Collection entries
(* Let $n=3$, $s_0,s_1,s_2,b_0,b_1,b_2\in\mathbb{R}$, $S=s_0+s_1+s_2$, and assume (C1)–(C21) hold. Then the conjunction of the rules (R1), (R2$_0$) and (R3$_0$) is equivalent to the conjunction of the following statements: (i) If $b_0=\frac12$, then (C4), (C8), (C10), (C11) are strict. (ii) If $b_1=\frac12$, then (C3), (C7), (C9), (C11) are strict. (iii) If $b_2=\frac12$, then (C2), (C6), (C9), (C10) are strict. (iv) If $b_0+b_1=1$, or $b_0+b_2=1$, or $b_1+b_2=1$, or $b_0+b_1+b_2=1$, then (C5) is strict. (v) If $b_0+b_1=\frac12$ then (C6) is strict; if $b_0+b_2=\frac12$ then (C7) is strict; if $b_1+b_2=\frac12$ then (C8) is strict. (vi) If $s_0-b_0$ equals one of $\frac52-2(b_0+b_1+b_2)$, $\frac32-2(b_0+b_1)$, $\frac32-2(b_0+b_2)$, $\frac12-2b_0$, $\frac12$, $\frac32-2b_0$, then (C13) is strict. (vii) If one of (C5)–(C12) is an equality, then (C16) and (C19) are strict.
   Context: Conditions, with $S=s_0+s_1+s_2$: (C1) $b_0+b_1+b_2\ge\frac12$; (C2) $b_0+b_1\ge0$; (C3) $b_0+b_2\ge0$; (C4) $b_1+b_2\ge0$; (C5) $S\ge 2-(b_0+b_1+b_2)$; (C6) $S\ge\frac32-(b_0+b_1)$; (C7) $S\ge\frac32-(b_0+b_2)$; (C8) $S\ge\frac32-(b_1+b_2)$; (C9) $S\ge1-b_0$; (C10) $S\ge1-b_1$; (C11) $S\ge 1-b_2$; (C12) $S\ge1$; (C13) $s_0+b_0+2s_1+2s_2\ge\frac32$; (C14) $2s_0+s_1+b_1+2s_2\ge\frac32$; (C15) $2s_0+2s_1+s_2+b_2\ge\frac32$; (C16) $s_1+s_2\ge-b_0$; (C17) $s_0+s_2\ge-b_1$; (C18) $s_0+s_1\ge-b_2$; (C19) $s_1+s_2\ge0$; (C20) $s_0+s_2\ge0$; (C21) $s_0+s_1\ge0$. "Strict" means the inequality holds with $>$. Rules: (R1) It is not the case that both $b_0+b_1+b_2=\tfrac12$ and $b_0+b_1+b_2=\max(b_0,b_1,b_2)$. (R2$_0$) At most one of the following is an equality: (E1) $S\ge 2-(b_0+b_1+b_2)$; (E2) $S\ge \tfrac32+\max(-b_0-b_1,-b_0-b_2,-b_1-b_2)$; (E3) $S\ge 1+\max(-b_0,-b_1,-b_2,0)$; (E4$_0$) $S\ge s_0+\max(0,-b_0)$. (R3$_0$) At most one of the following is an equality: (E1), (E2), (E3), (E5$_0$) $S\ge \tfrac34+\tfrac{s_0-b_0}{2}$, (E6$_0$) $S\ge s_0$. *)

theory Defs
  imports Main "HOL.Real"
begin

definition at_most_one :: "bool list \<Rightarrow> bool" where
  "at_most_one xs \<longleftrightarrow> length (filter id xs) \<le> 1"

definition R1 :: "real \<Rightarrow> real \<Rightarrow> real \<Rightarrow> bool" where
  "R1 b0 b1 b2 \<longleftrightarrow>
     \<not> (b0 + b1 + b2 = 1/2 \<and> b0 + b1 + b2 = max b0 (max b1 b2))"

definition E1_eq :: "real \<Rightarrow> real \<Rightarrow> real \<Rightarrow> real \<Rightarrow> bool" where
  "E1_eq S b0 b1 b2 \<longleftrightarrow> S = 2 - (b0 + b1 + b2)"

definition E2_eq :: "real \<Rightarrow> real \<Rightarrow> real \<Rightarrow> real \<Rightarrow> bool" where
  "E2_eq S b0 b1 b2 \<longleftrightarrow> S = 3/2 + max (- b0 - b1) (max (- b0 - b2) (- b1 - b2))"

definition E3_eq :: "real \<Rightarrow> real \<Rightarrow> real \<Rightarrow> real \<Rightarrow> bool" where
  "E3_eq S b0 b1 b2 \<longleftrightarrow> S = 1 + max (- b0) (max (- b1) (max (- b2) 0))"

text \<open>Rule (R2_0): at most one of (E1),(E2),(E3),(E4_0) is an equality.\<close>
definition R2_0 :: "real \<Rightarrow> real \<Rightarrow> real \<Rightarrow> real \<Rightarrow> real \<Rightarrow> real \<Rightarrow> bool" where
  "R2_0 s0 s1 s2 b0 b1 b2 \<longleftrightarrow>
     (let S = s0 + s1 + s2 in
      at_most_one [E1_eq S b0 b1 b2, E2_eq S b0 b1 b2, E3_eq S b0 b1 b2,
                   S = s0 + max 0 (- b0)])"

text \<open>Rule (R3_0): at most one of (E1),(E2),(E3),(E5_0),(E6_0) is an equality.\<close>
definition R3_0 :: "real \<Rightarrow> real \<Rightarrow> real \<Rightarrow> real \<Rightarrow> real \<Rightarrow> real \<Rightarrow> bool" where
  "R3_0 s0 s1 s2 b0 b1 b2 \<longleftrightarrow>
     (let S = s0 + s1 + s2 in
      at_most_one [E1_eq S b0 b1 b2, E2_eq S b0 b1 b2, E3_eq S b0 b1 b2,
                   S = 3/4 + (s0 - b0) / 2, S = s0])"

end

theory Submission
  imports Defs
begin

(*
  Write S = s0 + s1 + s2.  Under the constraints (C1)-(C21) every quantity
  that the rules compare with S (resp. with s1 + s2) is a lower bound for it, so each
  "equality" (E1)-(E6) of the rules just says that one group of constraints is tight:
    (E1) C5 is tight,  (E2) one of C6-C8,  (E3) one of C9-C12,
    (E4) C16 or C19,   (E5) C13,           (E6) C19 (a special case of (E4)).
  Hence (R2_0) and (R3_0) forbid certain pairs of tight groups.  Each forbidden
  coincidence is computed by linear arithmetic: it occurs exactly when one of the
  situations excluded by (i)-(vii) occurs, and (R1) is the strictness of C2-C4 in (i)-(iii).

  The only non-obvious exclusions are that a tight C13 can meet the bounds
  3/2 - (b1 + b2), 1 - b1, 1 - b2 only when S = 1 (lemma tight_C13_forces_S_1), and that a
  tight bound 3/2 - (b_i + b_j) never meets 1 - b_k for the third index k.
*)

lemma at_most_one_Cons:
  "at_most_one (x # xs) \<longleftrightarrow> (x \<longrightarrow> (\<forall>y\<in>set xs. \<not> y)) \<and> at_most_one xs"
  by (auto simp: at_most_one_def length_0_conv filter_empty_conv)

lemma at_most_one_Nil: "at_most_one []"
  by (simp add: at_most_one_def)

text \<open>If the pairwise sums are nonnegative, (R1) fails only when some b_i equals 1/2 and
  the two others cancel: the sum can equal the largest entry only if the other two sum to 0.\<close>
lemma R1_iff_strict_pairs:
  fixes b0 b1 b2 :: real
  assumes "b0 + b1 \<ge> 0" and "b0 + b2 \<ge> 0" and "b1 + b2 \<ge> 0"
  shows "R1 b0 b1 b2 \<longleftrightarrow>
    (b0 = 1/2 \<longrightarrow> b1 + b2 > 0) \<and> (b1 = 1/2 \<longrightarrow> b0 + b2 > 0) \<and> (b2 = 1/2 \<longrightarrow> b0 + b1 > 0)"
  using assms unfolding R1_def max_def by auto

text \<open>The constraints among (C1)-(C21) that the analysis of coincidences uses.\<close>
locale admissible =
  fixes s0 s1 s2 b0 b1 b2 :: real
  assumes C5: "s0 + s1 + s2 \<ge> 2 - (b0 + b1 + b2)"
    and C6: "s0 + s1 + s2 \<ge> 3/2 - (b0 + b1)"
    and C7: "s0 + s1 + s2 \<ge> 3/2 - (b0 + b2)"
    and C8: "s0 + s1 + s2 \<ge> 3/2 - (b1 + b2)"
    and C9: "s0 + s1 + s2 \<ge> 1 - b0"
    and C10: "s0 + s1 + s2 \<ge> 1 - b1"
    and C11: "s0 + s1 + s2 \<ge> 1 - b2"
    and C12: "s0 + s1 + s2 \<ge> 1"
    and C13: "s0 + b0 + 2 * s1 + 2 * s2 \<ge> 3/2"
    and C16: "s1 + s2 \<ge> - b0"
    and C19: "s1 + s2 \<ge> 0"
begin

abbreviation S :: real where "S \<equiv> s0 + s1 + s2"

definition tight_C5 :: bool where "tight_C5 \<longleftrightarrow> S = 2 - (b0 + b1 + b2)"
definition tight_C6_8 :: bool where
  "tight_C6_8 \<longleftrightarrow> S = 3/2 - (b0 + b1) \<or> S = 3/2 - (b0 + b2) \<or> S = 3/2 - (b1 + b2)"
definition tight_C9_12 :: bool where
  "tight_C9_12 \<longleftrightarrow> S = 1 - b0 \<or> S = 1 - b1 \<or> S = 1 - b2 \<or> S = 1"
definition tight_C16_19 :: bool where "tight_C16_19 \<longleftrightarrow> s1 + s2 = - b0 \<or> s1 + s2 = 0"
definition tight_C13 :: bool where "tight_C13 \<longleftrightarrow> s0 + b0 + 2 * s1 + 2 * s2 = 3/2"
definition tight_C19 :: bool where "tight_C19 \<longleftrightarrow> s1 + s2 = 0"

text \<open>Each equality of the rules is the tightness of a constraint group, because the
  compared quantities are lower bounds for S (resp. s1 + s2).\<close>
lemma E1_eq_iff: "E1_eq S b0 b1 b2 \<longleftrightarrow> tight_C5"
  unfolding E1_eq_def tight_C5_def ..

lemma E2_eq_iff: "E2_eq S b0 b1 b2 \<longleftrightarrow> tight_C6_8"
  using C6 C7 C8 unfolding E2_eq_def tight_C6_8_def max_def by auto

lemma E3_eq_iff: "E3_eq S b0 b1 b2 \<longleftrightarrow> tight_C9_12"
  using C9 C10 C11 C12 unfolding E3_eq_def tight_C9_12_def max_def by auto

lemma E4_eq_iff: "S = s0 + max 0 (- b0) \<longleftrightarrow> tight_C16_19"
  using C16 C19 unfolding tight_C16_19_def max_def by auto

lemma E5_eq_iff: "S = 3/4 + (s0 - b0) / 2 \<longleftrightarrow> tight_C13"
  unfolding tight_C13_def by (auto simp: field_simps)

lemma E6_eq_iff: "S = s0 \<longleftrightarrow> tight_C19"
  unfolding tight_C19_def by auto

text \<open>The rules say that certain pairs of constraint groups are never tight together.
  Pairs involving C19 alone are subsumed by those involving C16/C19.\<close>
lemma rules_iff_no_coincidence:
  "(R1 b0 b1 b2 \<and> R2_0 s0 s1 s2 b0 b1 b2 \<and> R3_0 s0 s1 s2 b0 b1 b2) \<longleftrightarrow>
     R1 b0 b1 b2 \<and> \<not> (tight_C5 \<and> tight_C6_8) \<and> \<not> (tight_C5 \<and> tight_C9_12)
     \<and> \<not> (tight_C6_8 \<and> tight_C9_12)
     \<and> \<not> ((tight_C5 \<or> tight_C6_8 \<or> tight_C9_12) \<and> tight_C16_19)
     \<and> \<not> (tight_C13 \<and> (tight_C5 \<or> tight_C6_8 \<or> tight_C9_12 \<or> tight_C19))"
proof -
  have R2: "R2_0 s0 s1 s2 b0 b1 b2 \<longleftrightarrow>
      at_most_one [tight_C5, tight_C6_8, tight_C9_12, tight_C16_19]"
    unfolding R2_0_def Let_def E1_eq_iff E2_eq_iff E3_eq_iff E4_eq_iff ..
  have R3: "R3_0 s0 s1 s2 b0 b1 b2 \<longleftrightarrow>
      at_most_one [tight_C5, tight_C6_8, tight_C9_12, tight_C13, tight_C19]"
    unfolding R3_0_def Let_def E1_eq_iff E2_eq_iff E3_eq_iff E5_eq_iff E6_eq_iff ..
  have "tight_C19 \<Longrightarrow> tight_C16_19"
    unfolding tight_C19_def tight_C16_19_def by simp
  then show ?thesis
    unfolding R2 R3 at_most_one_Cons by (auto simp: at_most_one_Nil)
qed

lemma no_C5_C6_8_coincidence:
  "\<not> (tight_C5 \<and> tight_C6_8) \<longleftrightarrow>
     (b0 = 1/2 \<longrightarrow> S > 3/2 - (b1 + b2)) \<and> (b1 = 1/2 \<longrightarrow> S > 3/2 - (b0 + b2))
     \<and> (b2 = 1/2 \<longrightarrow> S > 3/2 - (b0 + b1))"
  using C6 C7 C8 unfolding tight_C5_def tight_C6_8_def by auto

lemma no_C5_C9_12_coincidence:
  "\<not> (tight_C5 \<and> tight_C9_12) \<longleftrightarrow>
     ((b0 + b1 = 1 \<or> b0 + b2 = 1 \<or> b1 + b2 = 1 \<or> b0 + b1 + b2 = 1) \<longrightarrow>
        S > 2 - (b0 + b1 + b2))"
  using C5 unfolding tight_C5_def tight_C9_12_def by auto

text \<open>One of C6-C8 and one of C9-C12 are tight together exactly when some b_i = 1/2 and
  S = 1 - b_j for another index j, or some b_i + b_j = 1/2 and S = 3/2 - (b_i + b_j) = 1.
  A tight bound 3/2 - (b_i + b_j) never meets the third bound 1 - b_k: then C5 gives
  b_k \<ge> 1/2 while C12 gives b_k \<le> 0.  As S lies above all bounds of C6-C11, excluding the
  coincidence is the strictness of C9-C11 required in (i)-(iii), together with (v).\<close>
lemma no_C6_8_C9_12_coincidence:
  "\<not> (tight_C6_8 \<and> tight_C9_12) \<longleftrightarrow>
     (b0 = 1/2 \<longrightarrow> S > 1 - b1 \<and> S > 1 - b2) \<and> (b1 = 1/2 \<longrightarrow> S > 1 - b0 \<and> S > 1 - b2)
     \<and> (b2 = 1/2 \<longrightarrow> S > 1 - b0 \<and> S > 1 - b1)
     \<and> (b0 + b1 = 1/2 \<longrightarrow> S > 3/2 - (b0 + b1)) \<and> (b0 + b2 = 1/2 \<longrightarrow> S > 3/2 - (b0 + b2))
     \<and> (b1 + b2 = 1/2 \<longrightarrow> S > 3/2 - (b1 + b2))"
  using C5 C6 C7 C8 C9 C10 C11 C12 unfolding tight_C6_8_def tight_C9_12_def by argo

text \<open>C16/C19 must not be tight together with C5, C6-C8 or C9-C12.  Since s1 + s2 lies
  above -b0 and 0, this is (vii).\<close>
lemma no_C16_19_coincidence:
  "\<not> ((tight_C5 \<or> tight_C6_8 \<or> tight_C9_12) \<and> tight_C16_19) \<longleftrightarrow>
     ((S = 2 - (b0 + b1 + b2) \<or> S = 3/2 - (b0 + b1) \<or> S = 3/2 - (b0 + b2)
       \<or> S = 3/2 - (b1 + b2) \<or> S = 1 - b0 \<or> S = 1 - b1 \<or> S = 1 - b2 \<or> S = 1) \<longrightarrow>
        s1 + s2 > - b0 \<and> s1 + s2 > 0)"
  using C16 C19 unfolding tight_C5_def tight_C6_8_def tight_C9_12_def tight_C16_19_def by argo

text \<open>When C13 is tight, the bounds 3/2 - (b1 + b2), 1 - b1 and 1 - b2 can be tight only
  together with C12, i.e. when S = 1.  Tightness of C13 means s1 + s2 = 3/2 - S - b0, so C19
  reads S + b0 \<le> 3/2.  If S = 3/2 - (b1 + b2), then C5 gives b0 \<ge> 1/2 and C12 gives
  b1 + b2 \<le> 1/2, whence b1 + b2 = 1/2.  If S = 1 - b1, then C6 gives b0 \<ge> 1/2 and C12
  gives b1 \<le> 0, whence b1 = 0; the case S = 1 - b2 is symmetric, using C7.\<close>
lemma tight_C13_forces_S_1:
  assumes "tight_C13" and "S = 3/2 - (b1 + b2) \<or> S = 1 - b1 \<or> S = 1 - b2"
  shows "S = 1"
  using assms C5 C6 C7 C12 C19 unfolding tight_C13_def by linarith

text \<open>When C13 is tight, s0 - b0 = 2 S - 3/2, so tightness of C5, C6-C8, C9-C12 or C19
  becomes one of the six values of s0 - b0 listed in (vi).\<close>
lemma no_C13_coincidence:
  "\<not> (tight_C13 \<and> (tight_C5 \<or> tight_C6_8 \<or> tight_C9_12 \<or> tight_C19)) \<longleftrightarrow>
     ((s0 - b0 = 5/2 - 2 * (b0 + b1 + b2) \<or> s0 - b0 = 3/2 - 2 * (b0 + b1)
       \<or> s0 - b0 = 3/2 - 2 * (b0 + b2) \<or> s0 - b0 = 1/2 - 2 * b0
       \<or> s0 - b0 = 1/2 \<or> s0 - b0 = 3/2 - 2 * b0) \<longrightarrow>
        s0 + b0 + 2 * s1 + 2 * s2 > 3/2)"
proof -
  have "tight_C13 \<and> (S = 3/2 - (b1 + b2) \<or> S = 1 - b1 \<or> S = 1 - b2) \<longrightarrow> S = 1"
    using tight_C13_forces_S_1 by blast
  then show ?thesis
    using C13 unfolding tight_C13_def tight_C5_def tight_C6_8_def tight_C9_12_def tight_C19_def
    by argo
qed

end

theorem theorem3:
  fixes s0 s1 s2 b0 b1 b2 :: real
  assumes C1: "b0 + b1 + b2 \<ge> 1/2"
    and C2: "b0 + b1 \<ge> 0"
    and C3: "b0 + b2 \<ge> 0"
    and C4: "b1 + b2 \<ge> 0"
    and C5: "s0 + s1 + s2 \<ge> 2 - (b0 + b1 + b2)"
    and C6: "s0 + s1 + s2 \<ge> 3/2 - (b0 + b1)"
    and C7: "s0 + s1 + s2 \<ge> 3/2 - (b0 + b2)"
    and C8: "s0 + s1 + s2 \<ge> 3/2 - (b1 + b2)"
    and C9: "s0 + s1 + s2 \<ge> 1 - b0"
    and C10: "s0 + s1 + s2 \<ge> 1 - b1"
    and C11: "s0 + s1 + s2 \<ge> 1 - b2"
    and C12: "s0 + s1 + s2 \<ge> 1"
    and C13: "s0 + b0 + 2 * s1 + 2 * s2 \<ge> 3/2"
    and C14: "2 * s0 + s1 + b1 + 2 * s2 \<ge> 3/2"
    and C15: "2 * s0 + 2 * s1 + s2 + b2 \<ge> 3/2"
    and C16: "s1 + s2 \<ge> - b0"
    and C17: "s0 + s2 \<ge> - b1"
    and C18: "s0 + s1 \<ge> - b2"
    and C19: "s1 + s2 \<ge> 0"
    and C20: "s0 + s2 \<ge> 0"
    and C21: "s0 + s1 \<ge> 0"
  shows "(R1 b0 b1 b2 \<and> R2_0 s0 s1 s2 b0 b1 b2 \<and> R3_0 s0 s1 s2 b0 b1 b2) \<longleftrightarrow>
    ((b0 = 1/2 \<longrightarrow>
        b1 + b2 > 0 \<and> s0 + s1 + s2 > 3/2 - (b1 + b2)
        \<and> s0 + s1 + s2 > 1 - b1 \<and> s0 + s1 + s2 > 1 - b2) \<and>
     (b1 = 1/2 \<longrightarrow>
        b0 + b2 > 0 \<and> s0 + s1 + s2 > 3/2 - (b0 + b2)
        \<and> s0 + s1 + s2 > 1 - b0 \<and> s0 + s1 + s2 > 1 - b2) \<and>
     (b2 = 1/2 \<longrightarrow>
        b0 + b1 > 0 \<and> s0 + s1 + s2 > 3/2 - (b0 + b1)
        \<and> s0 + s1 + s2 > 1 - b0 \<and> s0 + s1 + s2 > 1 - b1) \<and>
     ((b0 + b1 = 1 \<or> b0 + b2 = 1 \<or> b1 + b2 = 1 \<or> b0 + b1 + b2 = 1) \<longrightarrow>
        s0 + s1 + s2 > 2 - (b0 + b1 + b2)) \<and>
     ((b0 + b1 = 1/2 \<longrightarrow> s0 + s1 + s2 > 3/2 - (b0 + b1)) \<and>
      (b0 + b2 = 1/2 \<longrightarrow> s0 + s1 + s2 > 3/2 - (b0 + b2)) \<and>
      (b1 + b2 = 1/2 \<longrightarrow> s0 + s1 + s2 > 3/2 - (b1 + b2))) \<and>
     ((s0 - b0 = 5/2 - 2 * (b0 + b1 + b2) \<or> s0 - b0 = 3/2 - 2 * (b0 + b1)
       \<or> s0 - b0 = 3/2 - 2 * (b0 + b2) \<or> s0 - b0 = 1/2 - 2 * b0
       \<or> s0 - b0 = 1/2 \<or> s0 - b0 = 3/2 - 2 * b0) \<longrightarrow>
        s0 + b0 + 2 * s1 + 2 * s2 > 3/2) \<and>
     ((s0 + s1 + s2 = 2 - (b0 + b1 + b2) \<or> s0 + s1 + s2 = 3/2 - (b0 + b1)
       \<or> s0 + s1 + s2 = 3/2 - (b0 + b2) \<or> s0 + s1 + s2 = 3/2 - (b1 + b2)
       \<or> s0 + s1 + s2 = 1 - b0 \<or> s0 + s1 + s2 = 1 - b1
       \<or> s0 + s1 + s2 = 1 - b2 \<or> s0 + s1 + s2 = 1) \<longrightarrow>
        s1 + s2 > - b0 \<and> s1 + s2 > 0))"
proof -
  interpret admissible s0 s1 s2 b0 b1 b2
    by unfold_locales (fact assms)+
  show ?thesis
    unfolding rules_iff_no_coincidence
    unfolding R1_iff_strict_pairs[OF C2 C3 C4] no_C5_C6_8_coincidence
      no_C5_C9_12_coincidence no_C6_8_C9_12_coincidence no_C16_19_coincidence
      no_C13_coincidence
    by argo
qed

end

• _Work required_
Please reproduce the lines from the line with "b1)) \<and> (b0" to the line with "using C5 C6", both ends included, exactly as they appear above.

• _Written solution_
     \<and> (b0 + b1 = 1/2 \<longrightarrow> S > 3/2 - (b0 + b1)) \<and> (b0 + b2 = 1/2 \<longrightarrow> S > 3/2 - (b0 + b2))
     \<and> (b1 + b2 = 1/2 \<longrightarrow> S > 3/2 - (b1 + b2))"
  using C5 C6 C7 C8 C9 C10 C11 C12 unfolding tight_C6_8_def tight_C9_12_def by argo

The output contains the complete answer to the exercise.